We had Windows XP Systems that had explorer.exe crashing randomly when specific Users ran Outlook 2003, the release of SAP GUI we used and the release of SnagIt we had licensed at the same time. These crashes only occured when the users had all 3 programs running at the same time. The programs did not talk to each other in the sense you think of.
It did not depend on the hardware installed, so we suspect it was something in the roaming profile of the specific user, but we never figured out what it was. Perhaps a registry key related to some shell extensions?
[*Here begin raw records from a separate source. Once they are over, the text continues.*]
text \<open>Fix an uncoded selfish placement and a delivery scheme with load \<open>R\<close>. For a permutation
  \<open>u\<close> of the users and a file index \<open>f\<close>, let user \<open>u i\<close> request a file of class \<open>u ` W\<^sub>i\<close>, where
  \<open>W\<^sub>i\<close> is the window of \<open>\<alpha>\<close> cyclically consecutive positions starting at \<open>i\<close>. Serving the users
  in the order \<open>u 1, \<dots>, u K\<close>, the broadcast determines every bit of the \<open>i\<close>-th requested file that
  none of \<open>u 1, \<dots>, u i\<close> caches (the acyclic index coding bound), so these bits number at most
  \<open>R B\<close>. Averaging over all \<open>u\<close> bounds the sum, over all bits, of a function \<open>g\<close> of the number
  \<open>l\<close> of users caching the bit, where \<open>g(l) = (K - \<alpha>)(\<alpha> - l)/\<alpha> + (\<alpha> - l)/(l + 1)\<close> is convex.
  By selfishness only users of the class cache a bit, the cache sizes force the mean of \<open>l\<close> to be
  at most \<open>t\<close>, and Jensen's inequality gives \<open>R \<ge> g(t)\<close>, which exceeds the MAN load
  \<open>(K - t)/(t + 1)\<close> by \<open>(K - \<alpha>) t (\<alpha> - t - 1) / (\<alpha> (t + 1))\<close>.\<close>

section \<open>Averaging over permutations\<close>

definition subset_flags :: "'a set \<Rightarrow> nat \<Rightarrow> nat \<Rightarrow> ('a set \<times> 'a set) set" where
  "subset_flags A p q = {(S, V). S \<subseteq> A \<and> card S = p \<and> V \<subseteq> S \<and> card V = q}"

lemma finite_subset_flags: "finite A \<Longrightarrow> finite (subset_flags A p q)"
  unfolding subset_flags_def by (rule finite_subset[of _ "Pow A \<times> Pow A"]) auto

lemma card_subset_flags:
  assumes "finite A"
  shows "card (subset_flags A p q) = (card A choose p) * (p choose q)"
proof -
  have "subset_flags A p q = (SIGMA S:{S. S \<subseteq> A \<and> card S = p}. {V. V \<subseteq> S \<and> card V = q})"
    unfolding subset_flags_def by auto
  also have "card \<dots> = (\<Sum>S | S \<subseteq> A \<and> card S = p. card {V. V \<subseteq> S \<and> card V = q})"
    using assms by (intro card_SigmaI) (auto intro: finite_subset[of _ "Pow A"] finite_subset[of _ "Pow _"])
  also have "\<dots> = (\<Sum>S | S \<subseteq> A \<and> card S = p. p choose q)"
    using assms by (intro sum.cong refl) (auto simp: n_subsets finite_subset)
  also have "\<dots> = (card A choose p) * (p choose q)"
    using assms by (simp add: n_subsets)
  finally show ?thesis .
qed

lemma exists_permutes_image_eq:
  assumes "finite A" "X \<subseteq> A" "Y \<subseteq> A" "card X = card Y"
  obtains \<sigma> where "\<sigma> permutes A" "\<sigma> ` X = Y"
proof -
  have "finite X" "finite Y"
    using assms finite_subset by blast+
  then obtain g where g: "bij_betw g X Y"
    using assms(4) finite_same_card_bij by blast
  have "card (A - X) = card (A - Y)"
    using assms \<open>finite X\<close> \<open>finite Y\<close> by (simp add: card_Diff_subset)
  then obtain h where h: "bij_betw h (A - X) (A - Y)"
    using assms(1) finite_same_card_bij by blast
  define \<sigma> where "\<sigma> x = (if x \<in> X then g x else if x \<in> A then h x else x)" for x
  have "bij_betw \<sigma> X Y"
    using g by (rule bij_betw_cong[THEN iffD1, rotated]) (simp add: \<sigma>_def)
  moreover have "bij_betw \<sigma> (A - X) (A - Y)"
    using h by (rule bij_betw_cong[THEN iffD1, rotated]) (simp add: \<sigma>_def)
  ultimately have "bij_betw \<sigma> (X \<union> (A - X)) (Y \<union> (A - Y))"
    by (rule bij_betw_combine) blast
  then have "bij_betw \<sigma> A A"
    using assms(2,3) by (simp add: Un_absorb1 Un_Diff_cancel)
  then have "\<sigma> permutes A"
    using assms(2) by (intro bij_imp_permutes) (auto simp: \<sigma>_def)
  moreover have "\<sigma> ` X = Y"
    using \<open>bij_betw \<sigma> X Y\<close> by (simp add: bij_betw_def)
  ultimately show thesis
    by (rule that)
qed

lemma exists_permutes_image_flag:
  assumes "finite A" "Q \<subseteq> P" "P \<subseteq> A" "(S, V) \<in> subset_flags A (card P) (card Q)"
  obtains \<sigma> where "\<sigma> permutes A" "\<sigma> ` P = S" "\<sigma> ` Q = V"
proof -
  have S: "S \<subseteq> A" "card P = card S" and V: "V \<subseteq> S" "card Q = card V"
    using assms(4) by (auto simp: subset_flags_def)
  obtain \<sigma>\<^sub>1 where \<sigma>\<^sub>1: "\<sigma>\<^sub>1 permutes A" "\<sigma>\<^sub>1 ` P = S"
    using exists_permutes_image_eq[OF assms(1,3) S] .
  have "card (\<sigma>\<^sub>1 ` Q) = card V"
    using V(2) card_image[OF inj_on_subset[OF permutes_inj[OF \<sigma>\<^sub>1(1)] subset_UNIV]] by simp
  moreover have "\<sigma>\<^sub>1 ` Q \<subseteq> S" "finite S"
    using \<sigma>\<^sub>1 assms(1,2) S(1) finite_subset by blast+
  ultimately obtain \<sigma>\<^sub>2 where \<sigma>\<^sub>2: "\<sigma>\<^sub>2 permutes S" "\<sigma>\<^sub>2 ` \<sigma>\<^sub>1 ` Q = V"
    using exists_permutes_image_eq[of S "\<sigma>\<^sub>1 ` Q" V] V(1) by blast
  show thesis
  proof
    show "\<sigma>\<^sub>2 \<circ> \<sigma>\<^sub>1 permutes A"
      using permutes_compose[OF \<sigma>\<^sub>1(1) permutes_subset[OF \<sigma>\<^sub>2(1) S(1)]] .
    show "(\<sigma>\<^sub>2 \<circ> \<sigma>\<^sub>1) ` P = S" "(\<sigma>\<^sub>2 \<circ> \<sigma>\<^sub>1) ` Q = V"
      using \<sigma>\<^sub>1(2) \<sigma>\<^sub>2 permutes_image[OF \<sigma>\<^sub>2(1)] by (metis image_comp)+
  qed
qed

lemma card_permutes_flag_fiber:
  assumes "finite A" "Q \<subseteq> P" "P \<subseteq> A" "(S, V) \<in> subset_flags A (card P) (card Q)"
  shows "card {u. u permutes A \<and> u ` P = S \<and> u ` Q = V} = card {u. u permutes A \<and> u ` P = P \<and> u ` Q = Q}"
proof -
  obtain \<sigma> where \<sigma>: "\<sigma> permutes A" "\<sigma> ` P = S" "\<sigma> ` Q = V"
    using exists_permutes_image_flag[OF assms] .
  have \<sigma>_inv: "inv \<sigma> permutes A" "inv \<sigma> ` S = P" "inv \<sigma> ` V = Q"
    using permutes_inv[OF \<sigma>(1)] permutes_inj[OF \<sigma>(1)]
    by (simp_all add: \<sigma>(2,3)[symmetric] image_inv_f_f)
  have compose: "\<tau> \<circ> u \<in> {u. u permutes A \<and> u ` P = \<tau> ` P' \<and> u ` Q = \<tau> ` Q'}"
    if "\<tau> permutes A" "u \<in> {u. u permutes A \<and> u ` P = P' \<and> u ` Q = Q'}" for \<tau> u P' Q'
    using that permutes_compose[of u A \<tau>] by (simp only: mem_Collect_eq image_comp[symmetric])
  have "bij_betw ((\<circ>) \<sigma>) {u. u permutes A \<and> u ` P = P \<and> u ` Q = Q} {u. u permutes A \<and> u ` P = S \<and> u ` Q = V}"
  proof (rule bij_betw_byWitness[where f' = "(\<circ>) (inv \<sigma>)"])
    show "\<forall>u\<in>{u. u permutes A \<and> u ` P = P \<and> u ` Q = Q}. inv \<sigma> \<circ> (\<sigma> \<circ> u) = u"
      "\<forall>u\<in>{u. u permutes A \<and> u ` P = S \<and> u ` Q = V}. \<sigma> \<circ> (inv \<sigma> \<circ> u) = u"
      using permutes_inv_o[OF \<sigma>(1)] by (simp_all add: o_assoc)
    show "(\<circ>) \<sigma> ` {u. u permutes A \<and> u ` P = P \<and> u ` Q = Q} \<subseteq> {u. u permutes A \<and> u ` P = S \<and> u ` Q = V}"
      using compose[OF \<sigma>(1), of _ P Q] unfolding \<sigma>(2,3) by (rule image_subsetI)
    show "(\<circ>) (inv \<sigma>) ` {u. u permutes A \<and> u ` P = S \<and> u ` Q = V} \<subseteq> {u. u permutes A \<and> u ` P = P \<and> u ` Q = Q}"
      using compose[OF \<sigma>_inv(1), of _ S V] unfolding \<sigma>_inv(2,3) by (rule image_subsetI)
  qed
  then show ?thesis
    by (rule bij_betw_same_card[symmetric])
qed

lemma sum_permutes_image_flag:
  fixes \<phi> :: "'a set \<Rightarrow> 'a set \<Rightarrow> real"
  assumes "finite A" "Q \<subseteq> P" "P \<subseteq> A"
  shows "(\<Sum>u | u permutes A. \<phi> (u ` P) (u ` Q))
       = real (card {u. u permutes A \<and> u ` P = P \<and> u ` Q = Q}) * (\<Sum>(S, V)\<in>subset_flags A (card P) (card Q). \<phi> S V)"
proof -
  let ?flags = "subset_flags A (card P) (card Q)"
  have "(\<lambda>u. (u ` P, u ` Q)) ` {u. u permutes A} \<subseteq> ?flags"
  proof (intro image_subsetI)
    fix u assume "u \<in> {u. u permutes A}"
    then have "u permutes A" by simp
    moreover have "inj_on u X" for X
      using permutes_inj[OF \<open>u permutes A\<close>] by (rule inj_on_subset) simp
    ultimately show "(u ` P, u ` Q) \<in> ?flags"
      using assms(2,3) permutes_image[of u A]
      by (auto simp: subset_flags_def card_image dest: permutes_in_image[THEN iffD2])
  qed
  then have "(\<Sum>u | u permutes A. \<phi> (u ` P) (u ` Q))
      = (\<Sum>F\<in>?flags. \<Sum>u | u \<in> {u. u permutes A} \<and> (u ` P, u ` Q) = F. \<phi> (u ` P) (u ` Q))"
    using assms(1) by (intro sum.group[symmetric] finite_permutations finite_subset_flags)
  also have "\<dots> = (\<Sum>F\<in>?flags. real (card {u. u permutes A \<and> (u ` P, u ` Q) = F}) * \<phi> (fst F) (snd F))"
    by (intro sum.cong refl) (auto intro: sum.cong)
  also have "\<dots> = (\<Sum>F\<in>?flags. real (card {u. u permutes A \<and> u ` P = P \<and> u ` Q = Q}) * \<phi> (fst F) (snd F))"
    using card_permutes_flag_fiber[OF assms] by (intro sum.cong refl) auto
  finally show ?thesis
    by (simp add: sum_distrib_left case_prod_unfold)
qed

lemma sum_permutes_image_flag_average:
  fixes \<phi> :: "'a set \<Rightarrow> 'a set \<Rightarrow> real"
  assumes "finite A" "Q \<subseteq> P" "P \<subseteq> A"
  shows "real ((card A choose card P) * (card P choose card Q)) * (\<Sum>u | u permutes A. \<phi> (u ` P) (u ` Q))
       = fact (card A) * (\<Sum>(S, V)\<in>subset_flags A (card P) (card Q). \<phi> S V)"
proof -
  let ?stab = "real (card {u. u permutes A \<and> u ` P = P \<and> u ` Q = Q})"
  have "fact (card A) = ?stab * real ((card A choose card P) * (card P choose card Q))"
    using sum_permutes_image_flag[OF assms, of "\<lambda>_ _. 1"] assms(1)
    by (simp add: card_permutations card_subset_flags)
  then show ?thesis
    using sum_permutes_image_flag[OF assms, of \<phi>] by simp
qed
In the end we cycled those people through various PCs, deleted the temporary and configuration files several times till they could work again.
Today, with "agile" being popular, that specification almost certainly is implicit, and it _was_ in the heads of both parties when they were writing the systems (but probably not completely; if both parties fully understood the protocol, chances are there would be little reason to look into it).
Also, the heads the specification _was_ in may have left the company.
But I agree that "closed source" most of the time is only a small part of the problem. Having the source of your shell script that talks to my perl script helps, but only a bit.
As someone who has worked in various agile ways, I can assure you that agile certainly does not mean "do not provide your users with explicit specification of a public api".
In the Agile manifesto (1), the phrase "we value ... Working software over comprehensive documentation" refers to the big upfront waterfall design and architecture documents that precede implementation and are usually obsolete before the software is working.
If you are working in an agile way and you find that your system's behaviour is under-specified to people trying to use it, then you have a problem, and agile methods encourage you to change your ways of working to fix the problem. For instance, by providing sufficient specification with each piece of working software. See: Definition of Done (2)
You could however just be using "agile" to mean something else such as "lazy", "sloppy", "hasty" or "inexperienced".
Such a "spec" would not be able to describe how systems interact: protocols, failure modes, SLAs, etc. In other words, the kinds of things you want specified when engineering a system. These are also specs
It seems to me that engineers from the relevant companies ought to be able to get together, talk over the problem and figure out which of those is the case, even if they're not looking at the same source code.
In any case, a well-defined spec/API is critical to effective integrations between pieces of software maintained by different teams, even if both components are open source.